Coral nodded. The old lady was not much more than a picture in her head. She was twelve years old and yet in all that time she’d never really spent much time with her great-aunt.

Nicks was staring at her friend. “Coral, are you sure you’re all right?”

Actually, she was starving. She stared mournfully at the egg mayo growing mould on her plate. “I guess I’ll be fine, Nicks.”

“Shall I get you something?” She nodded. “A sandwich, please. And I could probably do with one of those mini-muffin things too.”

“Yes, of course.” Nicks nodded and headed for Coral’s mum and the travelling plate of snacks.

Coral remained perched on her hard chair and stared out across the room. Her grandfather had fallen asleep in his chair. An aunt (of the non-great variety) was scraping sponge cake off the fake Persian carpet. Her father was standing over a very small cousin who seemed determined to reach the handmade miniature sailing boats on the mantelpiece. Her father had dedicated months to the building of those little boats. And then her cousin Archie wafted in through the front door like a south-westerly sea breeze. He was alone.

Archie was eighteen – nine years older than Coral – and he still hadn’t got himself a girlfriend. Coral blamed the rock climbing. After all, what girlfriend wanted to watch rock climbing? Archie even did fake rock climbing, or that’s what it seemed to Coral – climbing pretend rock walls in sports centres.

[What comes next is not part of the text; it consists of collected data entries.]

(* Let $\alpha\in(0,1)$, $\gamma,\beta>0$, $\lambda=\beta+\gamma$, $r_0>0$, $Y=B(0,r_0)\subset\mathbb R\oplus\mathbb R^{d-1}$, and $\mathcal X(x)=\|x\|^\alpha Ax$ with $A=\gamma\,\mathrm{Id}_{\mathbb R}\oplus(-\beta\,\mathrm{Id}_{\mathbb R^{d-1}})$, with flow $\varphi_t$. Let $x(t)$ be a trajectory in $Y$ for $t\in[0,T_0]$ and $\theta(t)$ its angle with $\mathbb R\times\{0\}$. Let $v(t)=D\varphi_t(x(0))v(0)$ be a flow-invariant family of tangent vectors along $x$, write $v=v_u+v_s$ with $v_u\in\mathbb R\times\{0\}$, $v_s\in\{0\}\times\mathbb R^{d-1}$, and let $\rho(t)$ be the angle between $v(t)$ and $\mathbb R\times\{0\}$, $\tan\rho=\|v_s\|/\|v_u\|$. Then for $t\in[0,T_0]$, if $\tan\rho(t)\le1$, $$(\tan\rho)'\le-\lambda\|x\|^\alpha\tan\rho+\alpha\lambda\|x\|^\alpha\frac{\tan\theta}{1+\tan^2\theta}.$$ *)

theory Defs
  imports "HOL-Analysis.Analysis"
begin

text \<open>Ambient space: R (+) R^(d-1), rendered as real \<times> (real^'n) (Euclidean product norm).
  First component: unstable direction; second component: stable directions.\<close>

definition Aop :: "real \<Rightarrow> real \<Rightarrow> real \<times> (real^'n) \<Rightarrow> real \<times> (real^'n)" where
  "Aop \<gamma> \<beta> p = (\<gamma> * fst p, - (\<beta> *\<^sub>R snd p))"

definition Xfield :: "real \<Rightarrow> real \<Rightarrow> real \<Rightarrow> real \<times> (real^'n) \<Rightarrow> real \<times> (real^'n)" where
  "Xfield \<alpha> \<gamma> \<beta> p = (norm p powr \<alpha>) *\<^sub>R Aop \<gamma> \<beta> p"

definition tan_ang :: "real \<times> (real^'n) \<Rightarrow> real" where
  "tan_ang p = norm (snd p) / norm (fst p)"

end

theory Submission
  imports Defs
begin

text \<open>
  Write \<open>v = (u, S)\<close>, so that \<open>tan \<rho> = \<parallel>S\<parallel> / \<bar>u\<bar>\<close> and
  \<open>(tan \<rho>)' = \<parallel>S\<parallel>' / \<bar>u\<bar> - tan \<rho> \<cdot> u' / u\<close>, where \<open>\<parallel>S\<parallel>'\<close> is the one-sided
  derivative of the norm when \<open>S = 0\<close>. The variational equation gives \<open>v' = DX(x) v\<close> with
  \<open>DX(p) w = \<parallel>p\<parallel>\<^sup>\<alpha> A w + \<alpha> \<parallel>p\<parallel>\<^sup>\<alpha>\<^sup>-\<^sup>2 \<langle>p, w\<rangle> A p\<close>. With \<open>p = (a, b)\<close>, \<open>\<tau> = tan \<rho>\<close> and
  \<open>e = \<langle>S, b\<rangle> sgn u / \<parallel>S\<parallel>\<close>, the first term contributes exactly \<open>-\<lambda> \<parallel>p\<parallel>\<^sup>\<alpha> \<tau>\<close> and the
  second \<open>-\<alpha> \<parallel>p\<parallel>\<^sup>\<alpha>\<^sup>-\<^sup>2 (a + \<tau> e)(\<beta> e + \<gamma> \<tau> a)\<close>. Expanding the product, its only term
  that can be negative is \<open>a e (\<beta> + \<gamma> \<tau>\<^sup>2)\<close>; as \<open>\<bar>e\<bar> \<le> \<parallel>b\<parallel>\<close> and \<open>\<tau> \<le> 1\<close> it is at least
  \<open>-\<lambda> \<bar>a\<bar> \<parallel>b\<parallel>\<close>, and \<open>\<bar>a\<bar> \<parallel>b\<parallel> / \<parallel>p\<parallel>\<^sup>2 = tan \<theta> / (1 + tan\<^sup>2 \<theta>)\<close>.
\<close>

lemma has_derivative_norm_powr:
  fixes p :: "'a::real_inner"
  assumes "p \<noteq> 0"
  shows "((\<lambda>q. norm q powr \<alpha>) has_derivative (\<lambda>w. \<alpha> * norm p powr \<alpha> / (norm p)\<^sup>2 * (p \<bullet> w))) (at p)"
proof -
  have "norm p > 0" using assms by simp
  have "((\<lambda>q. norm q powr \<alpha>) has_derivative (\<lambda>w. \<alpha> * norm p powr (\<alpha> - 1) * (w \<bullet> sgn p))) (at p)"
    using has_derivative_compose[OF has_derivative_norm[OF assms] 
        has_real_derivative_powr[OF \<open>norm p > 0\<close>, unfolded has_field_derivative_def]]
    by (simp add: mult.commute)
  then show ?thesis
    by (rule has_derivative_eq_rhs)
      (use \<open>norm p > 0\<close> in \<open>auto simp: fun_eq_iff sgn_div_norm powr_diff power2_eq_square inner_commute field_simps\<close>)
qed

Coral waved as Archie passed, but he was on course for the kitchen so she searched for Nicks again.

Her best friend seemed to be talking to a thin young woman with long, dark hair tied in a loose bun. Her eyes were red circles and matched her blotchy cheeks. Coral’s mum’s head was once again tilted with sympathy. She reached for the small plate in Nicks’s hands and offered a biscuit to the sad woman, who accepted one, taking a dainty bite. The biscuit seemed to calm her. Nicks leaned over and rubbed the young woman’s shoulders like she was caught in a blizzard and needed to stay warm…

When Nicks did finally return, Coral was still in her chair and listening to her godmother’s second rendition of the Begonia Story (she’d planted what she thought were begonia seeds only to discover that there must have been some mix-up because yellow daisies had grown instead). Coral laughed anyway.

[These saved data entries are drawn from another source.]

fun step :: "conf \<Rightarrow> conf pmf" where
  "step (L0, n) = return_pmf (L1, 1)"
| "step (L1, n) = (if n \<ge> 1 then return_pmf (L2, n) else return_pmf (Lout, n))"
| "step (L2, n) = map_pmf (\<lambda>b. if b then (L3, n) else (L4, n)) (bernoulli_pmf (1/2))"
| "step (L3, n) = return_pmf (L1, n + 1)"
| "step (L4, n) = return_pmf (L5, n - 1)"
| "step (L5, n) = return_pmf (L1, n - 1)"
| "step (Lout, n) = return_pmf (Lout, n)"

fun run_prefix :: "int \<Rightarrow> nat \<Rightarrow> conf list pmf" where
  "run_prefix n0 0 = return_pmf [(L0, n0)]"
| "run_prefix n0 (Suc k) =
     bind_pmf (run_prefix n0 k) (\<lambda>xs. map_pmf (\<lambda>c. xs @ [c]) (step (last xs)))"

text \<open>P(T = k+1), where T = min {n. location of c_n is Lout}.\<close>
definition T_prob :: "int \<Rightarrow> nat \<Rightarrow> real" where
  "T_prob n0 k = measure_pmf.prob (run_prefix n0 k)
     {xs. fst (xs ! k) = Lout \<and> (\<forall>i<k. fst (xs ! i) \<noteq> Lout)}"

definition terminates_as :: "int \<Rightarrow> bool" where
  "terminates_as n0 \<longleftrightarrow> (\<Sum>k. ennreal (T_prob n0 k)) = 1"

text \<open>Expected termination time E[T], with T taking values in N \<union> {infinity}.\<close>
definition ET :: "int \<Rightarrow> ennreal" where
  "ET n0 = (\<Sum>k. ennreal (real (Suc k) * T_prob n0 k))
           + \<top> * (1 - (\<Sum>k. ennreal (T_prob n0 k)))"

end

theory Submission
  imports Defs "HOL-Computational_Algebra.Primes" "HOL-Real_Asymp.Real_Asymp"
begin

text \<open>Let \<open>alive\<close> be the indicator of not having terminated and \<open>remaining_time\<close> the expected
  number of further non-terminal configurations. They satisfy the one-step equations
  \<open>alive = [the next step terminates] + E alive\<close> and \<open>remaining_time = E (alive + remaining_time)\<close>,
  which telescope along the run: \<open>\<Sum>k<N. P(T = k + 2)\<close> and \<open>\<Sum>k<N. (k + 2) P(T = k + 2)\<close>
  equal \<open>1\<close> and \<open>2 + remaining_time c\<^sub>1\<close> up to remainders built from the expectations of
  \<open>alive\<close> and \<open>remaining_time\<close> at time \<open>N\<close>. A Lyapunov function dominating both and
  contracting by \<open>99/100\<close> per step makes these remainders \<open>O(N (99/100)\<^sup>N)\<close>. Hence \<open>T\<close> is
  finite almost surely and \<open>E T = 2 + remaining_time (L0, n0) = (13 + 7 \<surd>5) / 2\<close>, which is
  irrational because \<open>\<surd>5\<close> is.\<close>

section \<open>Telescoping series in \<open>ennreal\<close>\<close>

lemma sum_telescope_ennreal:
  fixes F G :: "nat \<Rightarrow> ennreal"
  assumes "\<And>j. G j = F j + G (Suc j)"
  shows "(\<Sum>j<N. F j) + G N = G 0"
proof (induction N)
  case (Suc N)
  then show ?case using assms[of N] by (simp add: add.assoc)
qed simp

lemma weighted_sum_telescope_ennreal:
  fixes F G H :: "nat \<Rightarrow> ennreal"
  assumes G: "\<And>j. G j = F j + G (Suc j)" and H: "\<And>j. H j = G (Suc j) + H (Suc j)"
  shows "(\<Sum>j<N. (of_nat j + a) * F j) + ((of_nat N + a) * G N + H N) = a * G 0 + H 0"
proof (induction N)
  case (Suc N)
  have "(of_nat N + a) * F N + ((of_nat (Suc N) + a) * G (Suc N) + H (Suc N))
      = (of_nat N + a) * (F N + G (Suc N)) + (G (Suc N) + H (Suc N))"
    by (simp add: algebra_simps)
  also have "\<dots> = (of_nat N + a) * G N + H N"
    using G[of N] H[of N] by simp
  finally show ?case using Suc.IH by (simp add: add.assoc)
qed simp

lemma suminf_eq_if_remainder_tendsto_0:
  fixes g e :: "nat \<Rightarrow> ennreal"
  assumes "\<And>N. (\<Sum>k<N. g k) + e N = K" and "e \<longlonglongrightarrow> 0"
  shows "suminf g = K"
proof -
  have "(\<lambda>N. (\<Sum>k<N. g k) + e N) \<longlonglongrightarrow> suminf g + 0"
    by (intro tendsto_add summable_LIMSEQ assms(2)) simp
  then have "(\<lambda>N. K) \<longlonglongrightarrow> suminf g"
    using assms(1) by simp
  then show ?thesis
    by (rule LIMSEQ_unique[OF tendsto_const, symmetric])
qed

lemma tendsto_0_if_le_ennreal:
  fixes f :: "nat \<Rightarrow> ennreal"
  assumes "\<And>N. f N \<le> ennreal (g N)" and "g \<longlonglongrightarrow> 0"
  shows "f \<longlonglongrightarrow> 0"
proof (rule tendsto_sandwich[OF _ _ tendsto_const])
  show "(\<lambda>N. ennreal (g N)) \<longlonglongrightarrow> 0"
    using tendsto_ennrealI[OF assms(2)] by simp
qed (use assms(1) in auto)

section \<open>Expectations along a Markov chain\<close>

lemma nn_integral_chain_telescope:
  assumes M: "\<And>k. M (Suc k) = bind_pmf (M k) K"
    and g: "\<And>c. g c = f c + (\<integral>\<^sup>+x. g x \<partial>K c)"
  shows "(\<integral>\<^sup>+x. g x \<partial>M k) = (\<integral>\<^sup>+x. f x \<partial>M k) + (\<integral>\<^sup>+x. g x \<partial>M (Suc k))"
proof -
  have "(\<integral>\<^sup>+x. g x \<partial>M k) = (\<integral>\<^sup>+c. f c + (\<integral>\<^sup>+x. g x \<partial>K c) \<partial>M k)"
    by (subst g) rule
  also have "\<dots> = (\<integral>\<^sup>+x. f x \<partial>M k) + (\<integral>\<^sup>+c. (\<integral>\<^sup>+x. g x \<partial>K c) \<partial>M k)"
    by (rule nn_integral_add) simp_all
  finally show ?thesis
    by (simp add: M)
qed

lemma nn_integral_chain_geometric_decay:
  assumes M: "\<And>k. M (Suc k) = bind_pmf (M k) K"
    and W: "\<And>c. (\<integral>\<^sup>+x. W x \<partial>K c) \<le> \<theta> * W c"
  shows "(\<integral>\<^sup>+x. W x \<partial>M k) \<le> \<theta> ^ k * (\<integral>\<^sup>+x. W x \<partial>M 0)"
proof (induction k)
  case (Suc k)
  have "(\<integral>\<^sup>+x. W x \<partial>M (Suc k)) = (\<integral>\<^sup>+c. (\<integral>\<^sup>+x. W x \<partial>K c) \<partial>M k)"
    by (simp add: M)
  also have "\<dots> \<le> (\<integral>\<^sup>+c. \<theta> * W c \<partial>M k)"
    by (intro nn_integral_mono W)
  also have "\<dots> = \<theta> * (\<integral>\<^sup>+c. W c \<partial>M k)"
    by (rule nn_integral_cmult) simp
  also have "\<dots> \<le> \<theta> ^ Suc k * (\<integral>\<^sup>+x. W x \<partial>M 0)"
    using mult_left_mono[OF Suc.IH, of \<theta>] by (simp add: mult.assoc)
  finally show ?case .
qed simp

section \<open>Runs of the program\<close>

text \<open>\<open>config_pmf n0 k\<close> is the law of the configuration \<open>c\<^sub>k\<^sub>+\<^sub>1\<close> of the paper.\<close>
definition config_pmf :: "int \<Rightarrow> nat \<Rightarrow> conf pmf" where
  "config_pmf n0 k = map_pmf last (run_prefix n0 k)"

lemma config_pmf_0: "config_pmf n0 0 = return_pmf (L0, n0)"
  by (simp add: config_pmf_def)

lemma config_pmf_Suc: "config_pmf n0 (Suc k) = bind_pmf (config_pmf n0 k) step"
  by (simp add: config_pmf_def map_bind_pmf bind_map_pmf map_pmf_comp)

lemma set_pmf_run_prefix:
  assumes "xs \<in> set_pmf (run_prefix n0 k)"
  shows "length xs = Suc k \<and> xs ! 0 = (L0, n0) \<and> (\<forall>i<k. xs ! Suc i \<in> set_pmf (step (xs ! i)))"
  using assms
proof (induction k arbitrary: xs)
  case (Suc k)
  then obtain ys c where ys: "ys \<in> set_pmf (run_prefix n0 k)"
    and c: "c \<in> set_pmf (step (last ys))" and xs: "xs = ys @ [c]"
    by auto
  have len: "length ys = Suc k"
    using Suc.IH[OF ys] by simp
  have "last ys = ys ! k"
    using len by (subst last_conv_nth) auto
  then show ?case
    using Suc.IH[OF ys] c len unfolding xs by (auto simp: nth_append less_Suc_eq)
qed simp

lemma set_pmf_step_Lout: "c' \<in> set_pmf (step c) \<Longrightarrow> fst c = Lout \<Longrightarrow> fst c' = Lout"
  by (cases c) auto

lemma run_prefix_Lout_absorbing:
  assumes xs: "xs \<in> set_pmf (run_prefix n0 k)" and "i \<le> j" "j \<le> k" "fst (xs ! i) = Lout"
  shows "fst (xs ! j) = Lout"
  using assms(2-4)
proof (induction j rule: dec_induct)
  case (step m)
  then have "xs ! Suc m \<in> set_pmf (step (xs ! m))"
    using set_pmf_run_prefix[OF xs] by simp
  then show ?case
    using set_pmf_step_Lout step by auto
qed simp

lemma T_prob_0: "T_prob n0 0 = 0"
  unfolding T_prob_def measure_pmf_zero_iff using set_pmf_run_prefix by fastforce

fun exits_next :: "conf \<Rightarrow> real" where
  "exits_next (L1, n) = (if n \<le> 0 then 1 else 0)"
| "exits_next _ = 0"

lemma emeasure_set_pmf_step_Lout:
  "fst c \<noteq> Lout \<Longrightarrow> emeasure (measure_pmf (step c)) {c'. fst c' = Lout} = ennreal (exits_next c)"
  by (cases c rule: step.cases) auto

definition conf_expectation :: "(conf \<Rightarrow> real) \<Rightarrow> int \<Rightarrow> nat \<Rightarrow> ennreal" where
  "conf_expectation g n0 k = (\<integral>\<^sup>+x. ennreal (g x) \<partial>config_pmf n0 k)"

lemma T_prob_Suc: "ennreal (T_prob n0 (Suc k)) = conf_expectation exits_next n0 k"
proof -
  let ?E = "{xs. fst (xs ! Suc k) = Lout \<and> (\<forall>i<Suc k. fst (xs ! i) \<noteq> Lout)}"
  have "ennreal (T_prob n0 (Suc k)) = emeasure (measure_pmf (run_prefix n0 (Suc k))) ?E"
    unfolding T_prob_def by (simp add: measure_pmf.emeasure_eq_measure)
  also have "\<dots> = (\<integral>\<^sup>+xs. emeasure (measure_pmf (step (last xs))) ((\<lambda>c. xs @ [c]) -` ?E) \<partial>run_prefix n0 k)"
    by simp
  also have "\<dots> = (\<integral>\<^sup>+xs. ennreal (exits_next (last xs)) \<partial>run_prefix n0 k)"
  proof (rule nn_integral_cong_AE, rule AE_pmfI)
    fix xs assume xs: "xs \<in> set_pmf (run_prefix n0 k)"
    note xs_props = set_pmf_run_prefix[OF xs]
    have last: "last xs = xs ! k"
      using xs_props by (subst last_conv_nth) auto
    have "(\<lambda>c. xs @ [c]) -` ?E = (if fst (last xs) = Lout then {} else {c. fst c = Lout})"
    proof (cases "fst (last xs) = Lout")
      case False
      then have "\<forall>i<Suc k. fst (xs ! i) \<noteq> Lout"
        using run_prefix_Lout_absorbing[OF xs, of _ k] last less_Suc_eq_le by fastforce
      then show ?thesis
        using xs_props last False by (auto simp: nth_append)
    qed (use xs_props last in \<open>auto simp: nth_append\<close>)
    then show "emeasure (measure_pmf (step (last xs))) ((\<lambda>c. xs @ [c]) -` ?E) = ennreal (exits_next (last xs))"
      using emeasure_set_pmf_step_Lout[of "last xs"] by (cases "last xs") (auto split: loc.splits)
  qed
  finally show ?thesis
    by (simp add: conf_expectation_def config_pmf_def)
qed

section \<open>One-step expectations\<close>

fun step_mean :: "(conf \<Rightarrow> real) \<Rightarrow> conf \<Rightarrow> real" where
  "step_mean g (L0, n) = g (L1, 1)"
| "step_mean g (L1, n) = (if n \<ge> 1 then g (L2, n) else g (Lout, n))"
| "step_mean g (L2, n) = (g (L3, n) + g (L4, n)) / 2"
| "step_mean g (L3, n) = g (L1, n + 1)"
| "step_mean g (L4, n) = g (L5, n - 1)"
| "step_mean g (L5, n) = g (L1, n - 1)"
| "step_mean g (Lout, n) = g (Lout, n)"

lemma nn_integral_step:
  assumes "\<And>x. 0 \<le> g x"
  shows "(\<integral>\<^sup>+x. ennreal (g x) \<partial>step c) = ennreal (step_mean g c)"
proof (cases c rule: step.cases)
  case (3 n)
  have "(\<integral>\<^sup>+x. ennreal (g x) \<partial>step c) = ennreal (g (L3,n)) / 2 + ennreal (g (L4,n)) / 2"
    using 3 by (simp add: divide_ennreal_def)
  also have "\<dots> = ennreal (g (L3,n) / 2 + g (L4,n) / 2)"
    using assms by (simp add: ennreal_divide_numeral ennreal_plus)
  also have "\<dots> = ennreal (step_mean g c)"
    using 3 by (simp add: add_divide_distrib)
  finally show ?thesis .
qed simp_all

lemma step_mean_nonneg: "(\<And>x. 0 \<le> g x) \<Longrightarrow> 0 \<le> step_mean g c"
  by (cases c rule: step.cases) simp_all

lemma conf_expectation_0: "conf_expectation g n0 0 = ennreal (g (L0, n0))"
  by (simp add: conf_expectation_def config_pmf_0)

lemma conf_expectation_Suc:
  assumes "\<And>x. 0 \<le> g x"
  shows "conf_expectation g n0 (Suc k) = conf_expectation (step_mean g) n0 k"
  by (simp add: conf_expectation_def config_pmf_Suc nn_integral_step assms)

Her godmother spied Nicks and sighed. “Nicks, darling, thank goodness,” she cried, looking quite relieved. “The sausage rolls are ready – only I couldn’t bear to see dear Coral sitting here all on her own.” And then she was gone. Coral shrugged. She understood. This was not the sort of day for anybody to be sitting alone.

“Who were you talking to?” she asked her best friend.

“That’s Gwyn,” Nicks replied. “Gwyn was your great-aunt’s homecare nurse. She’d been with her for almost two years. She’s taking all this quite badly.”

Coral nodded sympathetically and tried to catch Gwyn’s attention. The homecare nurse finally saw Coral’s smile and returned it sadly. She was wedged in between the rhubarb tarts at the edge of the food table and another blue-rinsed relative who was also asleep in a chair. Coral wondered if some company might cheer her up. The snoring wasn’t very cheery. And the rhubarb tarts didn’t seem to be doing it either.

Archie, she noticed, was now at the other end of the food table and looked lost. Rock-climbing audiences had dwindled since all the old folks had started nodding off one by one. He was standing with his hands in his pockets, gazing about the room, looking for something interesting to focus on. The wall behind him finally caught his attention and he pulled a hand from his pocket and rapped it with his knuckles. Coral watched her cousin carefully. He was examining the wall for its climbing potential! Somebody had to save him.

“What about Archie and Gwyn?” she whispered to Nicks.

‘What do you mean ‘what about them’?’” Her best friend shrugged and nodded. “Individually or as a couple?”

‘As a couple, of course,” Coral grinned.

Nicks turned sharply. The girls’ noses now touched. “You’re not thinking of playing matchmaker, are you?”

Coral was thinking of doing precisely that. But she kept her face blank. “Uh, not really. But it does look as if they could both do with a bit of company, doesn’t it?”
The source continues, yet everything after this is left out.